lemma cheb_higher_pderiv_dvd_at_fixed_point:
  assumes cop: "coprime (1 - x^2) q"
    and fixed: "[poly (cheb n) x = x] (mod q)" and deriv: "[poly (pderiv (cheb n)) x = 1] (mod q)"
  shows "k \<ge> 2 \<Longrightarrow> q dvd poly ((pderiv ^^ k) (cheb n)) x"
proof (induction k rule: less_induct)
  case (less k)
  let ?D = "\<lambda>j. poly ((pderiv ^^ j) (cheb n)) x"
  obtain j where k: "k = j + 2"
    using less.prems le_Suc_ex by (metis add.commute)
  have n: "q dvd int n^2 - 1"
    using cheb_fixed_point_cong[OF cop fixed deriv] by (simp add: cong_iff_dvd_diff)
  have "q dvd (1 - x^2) * ?D (j + 2)"
  proof (cases "j \<le> 1")
    case True
    then consider "j = 0" | "j = 1"
      by linarith
    then show ?thesis
    proof cases
      case 1
      have "(1 - x^2) * ?D (j + 2) = x * (?D 1 - 1) - int n^2 * (?D 0 - x) - x * (int n^2 - 1)"
        using poly_higher_pderiv_cheb_ode[of x 0 n] 1 by (simp add: algebra_simps)
      moreover have "q dvd ?D 1 - 1" and "q dvd ?D 0 - x"
        using fixed deriv by (simp_all add: cong_iff_dvd_diff)
      ultimately show ?thesis
        using n by simp
    next
      case 2
      have "(1 - x^2) * ?D (j + 2) = 3 * x * ?D 2 - (int n^2 - 1) * ?D 1"
        using poly_higher_pderiv_cheb_ode[of x 1 n] 2 by (simp add: algebra_simps numeral_3_eq_3 numeral_2_eq_2)
      moreover have "q dvd ?D 2"
        using less.IH[of 2] 2 k by simp
      ultimately show ?thesis
        using n by simp
    qed
  next
    case False
    have "q dvd ?D (j + 1)" and "q dvd ?D j"
      using less.IH[of "j + 1"] less.IH[of j] False k by simp_all
    then show ?thesis
      unfolding poly_higher_pderiv_cheb_ode by simp
  qed
  then show ?case
    using cop k by (simp add: coprime_dvd_mult_right_iff coprime_commute)
qed

lemma cheb_higher_pderiv_rec_at_pm_one:
  assumes s: "s^2 = 1"
  shows "of_nat (2*k+1) * poly ((pderiv ^^ (k+1)) (cheb n)) s =
    s * (int n^2 - int k^2) * poly ((pderiv ^^ k) (cheb n)) s"
proof -
  let ?D = "\<lambda>j. poly ((pderiv ^^ j) (cheb n)) s"
  have ode: "of_nat (2*k+1) * s * ?D (k+1) = (int n^2 - int k^2) * ?D k"
    using poly_higher_pderiv_cheb_ode[of s k n] s by simp
  have "of_nat (2*k+1) * ?D (k+1) = (s * s) * (of_nat (2*k+1) * ?D (k+1))"
    using s by (simp add: power2_eq_square)
  also have "\<dots> = s * (of_nat (2*k+1) * s * ?D (k+1))"
    by (simp only: mult_ac)
  finally show ?thesis
    unfolding ode by (simp only: mult_ac)
qed

lemma odd_prod_mult_higher_pderiv_cheb_at_pm_one:
  assumes s: "s^2 = 1"
  shows "(\<Prod>j<m. of_nat (2*j+1)) * poly ((pderiv ^^ m) (cheb n)) s =
    s^m * (\<Prod>j<m. int n^2 - int j^2) * poly (cheb n) s"
proof (induction m)
  case (Suc m)
  have "(\<Prod>j<Suc m. of_nat (2*j+1)) * poly ((pderiv ^^ Suc m) (cheb n)) s =
      (\<Prod>j<m. of_nat (2*j+1)) * (of_nat (2*m+1) * poly ((pderiv ^^ (m+1)) (cheb n)) s)"
    by (simp add: algebra_simps)
  also have "\<dots> = s * (int n^2 - int m^2) * ((\<Prod>j<m. of_nat (2*j+1)) * poly ((pderiv ^^ m) (cheb n)) s)"
    unfolding cheb_higher_pderiv_rec_at_pm_one[OF s] by (simp add: algebra_simps)
  also have "\<dots> = s^Suc m * (\<Prod>j<Suc m. int n^2 - int j^2) * poly (cheb n) s"
    unfolding Suc.IH by (simp add: algebra_simps)
  finally show ?case .
qed simp

lemma cheb_taylor_coeff_dvd_at_pm_one:
  fixes p :: nat
  assumes p: "prime p" "p > 3" and s: "s^2 = 1" and n: "[int n^2 = 1] (mod int p ^ e)" and m: "m \<ge> 2"
  shows "int p ^ (e + 2) dvd coeff (pcompose (cheb n) [:s, int p:]) m"
proof -
  let ?c = "coeff (pcompose (cheb n) [:s, int p:]) m"
  have "int n^2 - int 1^2 dvd (\<Prod>j<m. int n^2 - int j^2)"
    using m by (intro dvd_prodI) simp_all
  then have "int p ^ e dvd (\<Prod>j<m. int n^2 - int j^2)"
    using n by (simp add: cong_iff_dvd_diff cong_sym_eq dvd_trans)
  then have "int p ^ e * int p ^ m dvd (2^m * s^m * poly (cheb n) s * (\<Prod>j<m. int n^2 - int j^2)) * int p ^ m"
    by (intro mult_dvd_mono) simp_all
  also have "\<dots> = fact (2*m) * ?c"
  proof -
    have "fact (2*m) * ?c = 2^m * (\<Prod>j<m. of_nat (2*j+1)) * (fact m * ?c)"
      unfolding fact_double_int by (simp add: algebra_simps)
    also have "\<dots> = int p ^ m * 2^m * ((\<Prod>j<m. of_nat (2*j+1)) * poly ((pderiv ^^ m) (cheb n)) s)"
      unfolding fact_mult_coeff_pcompose_linear by (simp add: algebra_simps)
    finally show ?thesis
      unfolding odd_prod_mult_higher_pderiv_cheb_at_pm_one[OF s] by (simp add: algebra_simps)
  qed
  finally show ?thesis
    using prime_power_dvd_of_fact_mult[OF p m, of "2*m" e] m by (simp add: power_add)
qed

lemma cheb_taylor_coeff_dvd_at_fixed_point:
  fixes p :: nat
  assumes p: "prime p" "p > 3" and not_dvd: "\<not> int p dvd 1 - x^2"
    and fixed: "[poly (cheb n) x = x] (mod int p ^ w)"
    and deriv: "[poly (pderiv (cheb n)) x = 1] (mod int p ^ w)"
    and m: "m \<ge> 2"
  shows "int p ^ (w + 2) dvd coeff (pcompose (cheb n) [:x, int p:]) m"
proof -
  have "coprime (int p) (1 - x^2)"
    using p(1) not_dvd by (simp add: prime_imp_coprime)
  then have "coprime (1 - x^2) (int p ^ w)"
    by (simp add: coprime_commute)
  then have "int p ^ w dvd poly ((pderiv ^^ m) (cheb n)) x"
    using cheb_higher_pderiv_dvd_at_fixed_point[OF _ fixed deriv m] by blast
  then have "int p ^ w * int p ^ m dvd poly ((pderiv ^^ m) (cheb n)) x * int p ^ m"
    by (rule mult_dvd_mono) simp
  then have "int p ^ (w + m) dvd fact m * coeff (pcompose (cheb n) [:x, int p:]) m"
    by (simp add: fact_mult_coeff_pcompose_linear power_add mult.commute)
  then show ?thesis
    using prime_power_dvd_of_fact_mult[OF p m, of m w] m by simp
qed

lemma cheb_pderiv_cong_near_pm_one:
  fixes p :: nat
  assumes p: "prime p" "p > 3" and s: "s^2 = 1" and at_s: "poly (pderiv (cheb n)) s = int n^2"
    and deriv: "[poly (pderiv (cheb n)) (s + t * int p) = 1] (mod int p ^ w)"
  shows "[int n^2 = 1] (mod int p ^ w)"
proof -
  have step: "[int n^2 = 1] (mod int p ^ Suc e)"
    if e: "[int n^2 = 1] (mod int p ^ e)" and "e < w" for e
  proof -
    have "\<forall>j\<ge>2. int p ^ (e + 2) dvd coeff (pcompose (cheb n) [:s, int p:]) j"
      using cheb_taylor_coeff_dvd_at_pm_one[OF p s e] by simp
    from pcompose_linear_shift_dvd(2)[OF this, of t]
    have shifted: "[int p * poly (pderiv (cheb n)) (s + t * int p) = int p * int n^2] (mod int p * int p ^ Suc e)"
      by (simp add: at_s)
    have "[poly (pderiv (cheb n)) (s + t * int p) = int n^2] (mod int p ^ Suc e)"
      using p(1) by (intro cong_cmult_left_cancel[OF _ shifted]) simp
    moreover have "[poly (pderiv (cheb n)) (s + t * int p) = 1] (mod int p ^ Suc e)"
      using deriv \<open>e < w\<close> by (elim cong_dvd_modulus) (simp add: le_imp_power_dvd del: power_Suc)
    ultimately show ?thesis
      by (metis cong_sym cong_trans)
  qed
  have "e \<le> w \<Longrightarrow> [int n^2 = 1] (mod int p ^ e)" for e
  proof (induction e)
    case (Suc e)
    then show ?case
      using step[of e] by simp
  qed simp
  then show ?thesis
    by simp
qed

lemma cheb_taylor_coeff_dvd_near_pm_one:
  fixes p :: nat
  assumes p: "prime p" "p > 3" and s: "s^2 = 1" and at_s: "poly (pderiv (cheb n)) s = int n^2"
    and deriv: "[poly (pderiv (cheb n)) (s + t * int p) = 1] (mod int p ^ w)"
  shows "\<forall>m\<ge>2. int p ^ (w + 2) dvd coeff (pcompose (cheb n) [:s + t * int p, int p:]) m"
proof -
  have "[int n^2 = 1] (mod int p ^ w)"
    by (rule cheb_pderiv_cong_near_pm_one[OF p s at_s deriv])
  then have "\<forall>m\<ge>2. int p ^ (w + 2) dvd coeff (pcompose (cheb n) [:s, int p:]) m"
    using cheb_taylor_coeff_dvd_at_pm_one[OF p s] by simp
  then show ?thesis
    by (rule pcompose_linear_shift_dvd(1))
qed

lemma cheb_taylor_coeff_dvd:
  fixes p :: nat
  assumes p: "prime p" "p > 3" and n: "odd n" and x: "0 \<le> x" "x \<le> int p - 1"
    and fixed: "[poly (cheb n) x = x] (mod int p ^ w)"
    and deriv: "[poly (pderiv (cheb n)) x = 1] (mod int p ^ w)"
  shows "\<forall>m\<ge>2. int p ^ (w + 2) dvd coeff (pcompose (cheb n) [:x, int p:]) m"
proof (cases "int p dvd 1 - x^2")
  case False
  then show ?thesis
    using cheb_taylor_coeff_dvd_at_fixed_point[OF p False fixed deriv] by blast
next
  case True
  have "prime (int p)"
    using p(1) by simp
  moreover have "int p dvd (1 - x) * (1 + x)"
    using True by (simp add: power2_eq_square algebra_simps)
  ultimately consider "int p dvd 1 - x" | "int p dvd 1 + x"
    by (auto simp: prime_dvd_mult_iff)
  then show ?thesis
  proof cases
    case 1
    have "x = 1"
    proof (rule ccontr)
      assume "x \<noteq> 1"
      then have "\<bar>int p\<bar> \<le> \<bar>1 - x\<bar>"
        using dvd_imp_le_int[OF _ 1] by simp
      then show False
        using x p(2) by linarith
    qed
    then show ?thesis
      using cheb_taylor_coeff_dvd_near_pm_one[OF p, of 1 n 0 w] deriv poly_pderiv_cheb_one[of n] by simp
  next
    case 2
    moreover have "1 + x \<noteq> 0"
      using x(1) by simp
    ultimately have "\<bar>int p\<bar> \<le> \<bar>1 + x\<bar>"
      using dvd_imp_le_int by blast
    then have "x = -1 + 1 * int p"
      using x by linarith
    then show ?thesis
      using cheb_taylor_coeff_dvd_near_pm_one[OF p, of "-1" n 1 w] deriv poly_pderiv_cheb_minus_one[of n] n by simp
  qed
qed

theorem lemma5:
  fixes p n w h :: nat and x :: int
  assumes "prime p" and "p > 3" and "n > 1"
    and "coprime n p" and "coprime n (p^2 - 1)"
    and "w > 0" and "0 \<le> x" and "x \<le> int p - 1"
    and "[poly (cheb n) x = x] (mod (int p ^ w))"
    and "[poly (cheb_deriv 1 n) x = 1] (mod (int p ^ w))"
  shows "[poly (cheb_deriv 1 n) (x + int h * int p) = poly (cheb_deriv 1 n) x]
            (mod (int p ^ (w + 1)))
         \<and> (\<forall>m::nat. m \<ge> 2 \<longrightarrow>
              [(poly (cheb_deriv m n) (x + int h * int p) div fact m) * int p ^ m = 0]
                (mod (int p ^ (w + 2))))"
proof -
  have "odd p"
    using prime_odd_nat[OF assms(1)] assms(2) by simp
  then have "odd n"
    using odd_if_coprime_square_minus_one assms(5) by blast
  then have at_x: "\<forall>m\<ge>2. int p ^ (w + 2) dvd coeff (pcompose (cheb n) [:x, int p:]) m"
    using cheb_taylor_coeff_dvd assms(1,2,7-10) by (simp add: cheb_deriv_def)
  have shifted: "[int p * poly (pderiv (cheb n)) (x + int h * int p) = int p * poly (pderiv (cheb n)) x]
      (mod int p * int p ^ (w + 1))"
    using pcompose_linear_shift_dvd(2)[OF at_x, of "int h"] by simp
  have "[poly (pderiv (cheb n)) (x + int h * int p) = poly (pderiv (cheb n)) x] (mod int p ^ (w + 1))"
    using assms(1) by (intro cong_cmult_left_cancel[OF _ shifted]) simp
  then have "[poly (cheb_deriv 1 n) (x + int h * int p) = poly (cheb_deriv 1 n) x] (mod int p ^ (w + 1))"
    by (simp add: cheb_deriv_def)
  moreover have "[(poly (cheb_deriv m n) (x + int h * int p) div fact m) * int p ^ m = 0] (mod int p ^ (w + 2))"
    if "m \<ge> 2" for m
    using pcompose_linear_shift_dvd(1)[OF at_x, of "int h"] that
    by (simp add: cong_0_iff cheb_deriv_def coeff_pcompose_linear_int)
  ultimately show ?thesis
    by blast
qed

end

┄┄┄┄┄┄

* **EXERCISE DESCRIPTION**:
Each line of the data above containing the string "rule" is to be copied.

* **ANSWER TO THE PROBLEM**:
proof (induction k rule: less_induct)
    by (rule mult_dvd_mono) simp
    by (rule cheb_pderiv_cong_near_pm_one[OF p s at_s deriv])
    by (rule pcompose_linear_shift_dvd(1))
    proof (rule ccontr)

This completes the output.